** Source records follows **
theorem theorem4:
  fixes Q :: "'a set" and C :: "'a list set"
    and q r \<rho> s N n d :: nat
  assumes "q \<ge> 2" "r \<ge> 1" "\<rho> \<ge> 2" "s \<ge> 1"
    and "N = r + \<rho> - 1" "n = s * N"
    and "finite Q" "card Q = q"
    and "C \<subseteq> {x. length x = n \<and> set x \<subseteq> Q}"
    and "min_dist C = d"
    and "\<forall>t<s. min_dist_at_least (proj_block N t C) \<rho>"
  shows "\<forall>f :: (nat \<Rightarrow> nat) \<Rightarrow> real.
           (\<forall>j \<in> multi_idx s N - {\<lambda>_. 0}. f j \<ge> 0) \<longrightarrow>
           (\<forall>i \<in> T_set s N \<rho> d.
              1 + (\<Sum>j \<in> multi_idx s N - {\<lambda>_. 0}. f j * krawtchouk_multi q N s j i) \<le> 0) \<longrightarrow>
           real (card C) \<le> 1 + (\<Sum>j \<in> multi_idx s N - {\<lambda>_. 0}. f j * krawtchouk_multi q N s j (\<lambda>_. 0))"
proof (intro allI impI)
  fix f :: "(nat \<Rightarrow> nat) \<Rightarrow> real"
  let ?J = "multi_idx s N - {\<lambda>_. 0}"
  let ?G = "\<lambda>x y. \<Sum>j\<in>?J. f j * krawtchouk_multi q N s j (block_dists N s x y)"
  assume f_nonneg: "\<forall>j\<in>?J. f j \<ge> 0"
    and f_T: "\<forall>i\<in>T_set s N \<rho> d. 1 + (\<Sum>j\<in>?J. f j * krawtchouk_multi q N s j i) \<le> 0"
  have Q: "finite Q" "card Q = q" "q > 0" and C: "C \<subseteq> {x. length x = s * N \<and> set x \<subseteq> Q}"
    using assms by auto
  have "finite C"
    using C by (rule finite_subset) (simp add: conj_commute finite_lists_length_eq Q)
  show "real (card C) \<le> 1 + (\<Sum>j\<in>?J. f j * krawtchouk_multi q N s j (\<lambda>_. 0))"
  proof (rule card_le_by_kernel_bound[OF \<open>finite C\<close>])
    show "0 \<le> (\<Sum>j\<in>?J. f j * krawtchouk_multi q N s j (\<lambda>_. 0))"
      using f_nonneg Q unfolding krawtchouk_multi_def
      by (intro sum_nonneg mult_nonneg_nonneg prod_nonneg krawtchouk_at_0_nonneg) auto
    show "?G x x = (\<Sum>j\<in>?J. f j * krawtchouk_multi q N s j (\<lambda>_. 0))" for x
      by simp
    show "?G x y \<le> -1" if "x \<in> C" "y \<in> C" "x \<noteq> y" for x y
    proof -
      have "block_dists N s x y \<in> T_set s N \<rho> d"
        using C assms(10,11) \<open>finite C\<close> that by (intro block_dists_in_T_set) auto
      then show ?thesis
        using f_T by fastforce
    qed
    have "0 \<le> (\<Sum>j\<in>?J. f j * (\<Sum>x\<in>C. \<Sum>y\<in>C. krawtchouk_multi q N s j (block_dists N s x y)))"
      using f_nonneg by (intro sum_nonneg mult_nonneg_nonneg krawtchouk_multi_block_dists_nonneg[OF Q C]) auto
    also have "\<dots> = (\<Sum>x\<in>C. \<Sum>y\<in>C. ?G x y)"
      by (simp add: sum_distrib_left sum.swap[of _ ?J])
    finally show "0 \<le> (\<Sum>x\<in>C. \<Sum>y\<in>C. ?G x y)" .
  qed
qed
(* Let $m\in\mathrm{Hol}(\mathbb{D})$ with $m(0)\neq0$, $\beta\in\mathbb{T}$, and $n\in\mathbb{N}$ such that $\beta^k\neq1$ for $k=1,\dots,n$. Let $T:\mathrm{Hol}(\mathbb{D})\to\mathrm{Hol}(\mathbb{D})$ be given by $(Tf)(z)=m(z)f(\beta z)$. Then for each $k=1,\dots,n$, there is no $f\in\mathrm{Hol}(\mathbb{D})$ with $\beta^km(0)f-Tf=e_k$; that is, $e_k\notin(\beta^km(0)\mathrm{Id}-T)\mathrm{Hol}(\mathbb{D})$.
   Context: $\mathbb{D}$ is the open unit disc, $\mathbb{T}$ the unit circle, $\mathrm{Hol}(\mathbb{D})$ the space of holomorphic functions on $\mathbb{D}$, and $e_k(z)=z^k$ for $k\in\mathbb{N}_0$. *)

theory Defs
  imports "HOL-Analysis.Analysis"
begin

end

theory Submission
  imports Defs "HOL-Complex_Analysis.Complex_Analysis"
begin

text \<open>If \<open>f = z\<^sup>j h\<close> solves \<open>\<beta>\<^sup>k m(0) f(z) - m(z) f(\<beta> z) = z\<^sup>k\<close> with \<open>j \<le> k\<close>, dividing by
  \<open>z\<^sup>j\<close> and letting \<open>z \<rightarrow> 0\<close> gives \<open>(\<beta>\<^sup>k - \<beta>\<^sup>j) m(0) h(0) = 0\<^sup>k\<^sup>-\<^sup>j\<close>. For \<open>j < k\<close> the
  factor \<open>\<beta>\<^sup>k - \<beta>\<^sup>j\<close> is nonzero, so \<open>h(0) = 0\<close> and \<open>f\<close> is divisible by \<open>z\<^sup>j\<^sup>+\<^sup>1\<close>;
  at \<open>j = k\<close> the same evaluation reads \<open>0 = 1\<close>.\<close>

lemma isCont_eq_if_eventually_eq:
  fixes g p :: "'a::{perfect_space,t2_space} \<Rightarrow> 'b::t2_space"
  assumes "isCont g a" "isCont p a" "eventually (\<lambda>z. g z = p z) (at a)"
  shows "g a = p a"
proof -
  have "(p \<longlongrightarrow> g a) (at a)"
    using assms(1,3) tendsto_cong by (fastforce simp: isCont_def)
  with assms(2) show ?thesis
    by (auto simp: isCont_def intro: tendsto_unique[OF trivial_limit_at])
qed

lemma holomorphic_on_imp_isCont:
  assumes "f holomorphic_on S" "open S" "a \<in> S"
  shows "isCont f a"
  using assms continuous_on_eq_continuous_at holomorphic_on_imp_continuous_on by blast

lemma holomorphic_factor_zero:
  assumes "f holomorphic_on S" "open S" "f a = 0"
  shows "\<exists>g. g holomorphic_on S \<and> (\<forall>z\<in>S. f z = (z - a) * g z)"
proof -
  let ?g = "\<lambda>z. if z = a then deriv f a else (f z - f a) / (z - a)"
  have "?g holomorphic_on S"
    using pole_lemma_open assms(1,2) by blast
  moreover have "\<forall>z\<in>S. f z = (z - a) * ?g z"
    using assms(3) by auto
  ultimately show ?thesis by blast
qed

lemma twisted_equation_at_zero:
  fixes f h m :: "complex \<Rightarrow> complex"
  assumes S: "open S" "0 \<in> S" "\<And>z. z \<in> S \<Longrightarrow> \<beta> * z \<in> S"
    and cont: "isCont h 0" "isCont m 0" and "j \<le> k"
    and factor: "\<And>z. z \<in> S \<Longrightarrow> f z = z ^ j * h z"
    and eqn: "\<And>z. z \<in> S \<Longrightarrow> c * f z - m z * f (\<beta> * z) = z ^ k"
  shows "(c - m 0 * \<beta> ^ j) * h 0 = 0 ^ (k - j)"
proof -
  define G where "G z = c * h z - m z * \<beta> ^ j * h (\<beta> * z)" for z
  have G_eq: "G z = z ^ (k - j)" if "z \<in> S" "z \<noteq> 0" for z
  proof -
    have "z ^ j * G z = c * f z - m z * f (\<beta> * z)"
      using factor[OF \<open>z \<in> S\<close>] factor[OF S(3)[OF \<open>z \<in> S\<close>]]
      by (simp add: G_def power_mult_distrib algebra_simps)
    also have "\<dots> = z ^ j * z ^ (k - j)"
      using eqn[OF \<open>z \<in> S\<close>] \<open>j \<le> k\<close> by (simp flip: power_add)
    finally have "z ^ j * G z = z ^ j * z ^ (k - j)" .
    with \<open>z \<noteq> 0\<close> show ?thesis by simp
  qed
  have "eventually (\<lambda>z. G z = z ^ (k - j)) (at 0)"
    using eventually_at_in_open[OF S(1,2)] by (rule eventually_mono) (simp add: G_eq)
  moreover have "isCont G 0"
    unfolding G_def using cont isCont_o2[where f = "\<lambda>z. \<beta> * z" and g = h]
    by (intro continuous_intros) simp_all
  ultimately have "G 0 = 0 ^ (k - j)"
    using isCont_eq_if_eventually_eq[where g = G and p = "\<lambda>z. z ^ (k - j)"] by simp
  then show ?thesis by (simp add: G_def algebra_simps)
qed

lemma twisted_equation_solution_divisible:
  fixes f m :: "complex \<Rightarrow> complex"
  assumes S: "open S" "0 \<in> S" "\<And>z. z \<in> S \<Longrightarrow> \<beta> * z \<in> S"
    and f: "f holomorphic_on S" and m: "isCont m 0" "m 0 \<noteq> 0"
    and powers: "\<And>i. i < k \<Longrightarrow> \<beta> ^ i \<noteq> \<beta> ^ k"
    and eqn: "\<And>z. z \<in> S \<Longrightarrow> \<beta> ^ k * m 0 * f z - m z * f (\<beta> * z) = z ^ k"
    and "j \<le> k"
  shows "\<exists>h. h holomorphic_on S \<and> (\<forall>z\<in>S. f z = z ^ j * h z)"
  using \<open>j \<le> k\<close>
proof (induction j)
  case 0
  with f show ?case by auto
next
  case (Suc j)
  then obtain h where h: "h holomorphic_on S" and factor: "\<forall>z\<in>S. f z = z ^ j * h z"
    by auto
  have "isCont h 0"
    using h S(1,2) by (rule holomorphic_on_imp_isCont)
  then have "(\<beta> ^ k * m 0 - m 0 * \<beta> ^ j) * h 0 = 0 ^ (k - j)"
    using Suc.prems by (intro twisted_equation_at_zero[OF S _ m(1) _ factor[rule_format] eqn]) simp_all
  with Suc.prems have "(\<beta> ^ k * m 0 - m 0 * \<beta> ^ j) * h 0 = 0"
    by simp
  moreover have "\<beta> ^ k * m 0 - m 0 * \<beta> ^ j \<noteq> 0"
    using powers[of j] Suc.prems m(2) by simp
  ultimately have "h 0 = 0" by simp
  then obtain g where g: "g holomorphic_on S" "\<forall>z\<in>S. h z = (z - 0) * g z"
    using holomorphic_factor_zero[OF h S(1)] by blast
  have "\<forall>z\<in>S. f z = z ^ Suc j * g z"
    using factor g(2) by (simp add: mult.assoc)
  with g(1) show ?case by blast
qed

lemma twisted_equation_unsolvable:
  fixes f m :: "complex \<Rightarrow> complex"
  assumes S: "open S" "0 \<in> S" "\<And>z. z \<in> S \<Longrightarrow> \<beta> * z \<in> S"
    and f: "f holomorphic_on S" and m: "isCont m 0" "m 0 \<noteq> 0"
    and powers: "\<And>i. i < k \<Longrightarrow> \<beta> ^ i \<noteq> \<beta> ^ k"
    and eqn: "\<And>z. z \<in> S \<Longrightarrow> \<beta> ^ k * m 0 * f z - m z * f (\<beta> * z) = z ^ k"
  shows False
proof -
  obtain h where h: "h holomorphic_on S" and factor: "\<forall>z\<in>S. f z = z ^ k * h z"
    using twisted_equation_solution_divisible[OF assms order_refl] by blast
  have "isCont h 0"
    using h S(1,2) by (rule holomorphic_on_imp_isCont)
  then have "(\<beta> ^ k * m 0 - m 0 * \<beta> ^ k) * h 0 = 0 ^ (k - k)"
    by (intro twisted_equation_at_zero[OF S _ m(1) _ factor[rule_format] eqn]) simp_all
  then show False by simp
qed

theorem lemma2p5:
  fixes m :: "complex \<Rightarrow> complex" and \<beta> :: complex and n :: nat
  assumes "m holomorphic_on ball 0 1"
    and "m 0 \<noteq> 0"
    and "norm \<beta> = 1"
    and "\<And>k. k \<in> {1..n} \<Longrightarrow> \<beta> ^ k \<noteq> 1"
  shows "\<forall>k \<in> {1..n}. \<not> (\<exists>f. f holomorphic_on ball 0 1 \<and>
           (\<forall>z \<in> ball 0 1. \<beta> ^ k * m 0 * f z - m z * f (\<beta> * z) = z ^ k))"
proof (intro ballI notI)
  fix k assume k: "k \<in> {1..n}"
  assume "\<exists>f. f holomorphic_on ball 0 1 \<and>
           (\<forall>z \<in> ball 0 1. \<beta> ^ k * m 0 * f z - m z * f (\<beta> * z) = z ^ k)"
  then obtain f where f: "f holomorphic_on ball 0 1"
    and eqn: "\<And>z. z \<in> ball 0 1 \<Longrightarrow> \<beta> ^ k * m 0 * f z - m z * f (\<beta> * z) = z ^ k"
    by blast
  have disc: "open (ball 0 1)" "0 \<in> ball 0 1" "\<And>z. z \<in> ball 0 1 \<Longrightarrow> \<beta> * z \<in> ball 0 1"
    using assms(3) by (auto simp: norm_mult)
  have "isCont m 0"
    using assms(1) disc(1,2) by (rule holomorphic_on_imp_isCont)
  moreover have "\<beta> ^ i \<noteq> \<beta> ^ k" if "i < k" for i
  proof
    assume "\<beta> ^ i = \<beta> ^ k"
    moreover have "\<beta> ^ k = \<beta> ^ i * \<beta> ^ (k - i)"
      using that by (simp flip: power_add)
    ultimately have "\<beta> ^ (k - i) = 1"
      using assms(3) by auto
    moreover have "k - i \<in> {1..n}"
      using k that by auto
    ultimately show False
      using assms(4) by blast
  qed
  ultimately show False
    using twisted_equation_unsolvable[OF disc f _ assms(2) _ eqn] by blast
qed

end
** End of Source records **
▸ **Prompt**:
Reproduce only the lines above spanning from the line containing "then obtain g" through the line containing "with g(1) show ?case by blast", word for word.

▸ **Expected answer**:
  then obtain g where g: "g holomorphic_on S" "\<forall>z\<in>S. h z = (z - 0) * g z"
    using holomorphic_factor_zero[OF h S(1)] by blast
  have "\<forall>z\<in>S. f z = z ^ Suc j * g z"
    using factor g(2) by (simp add: mult.assoc)
  with g(1) show ?case by blast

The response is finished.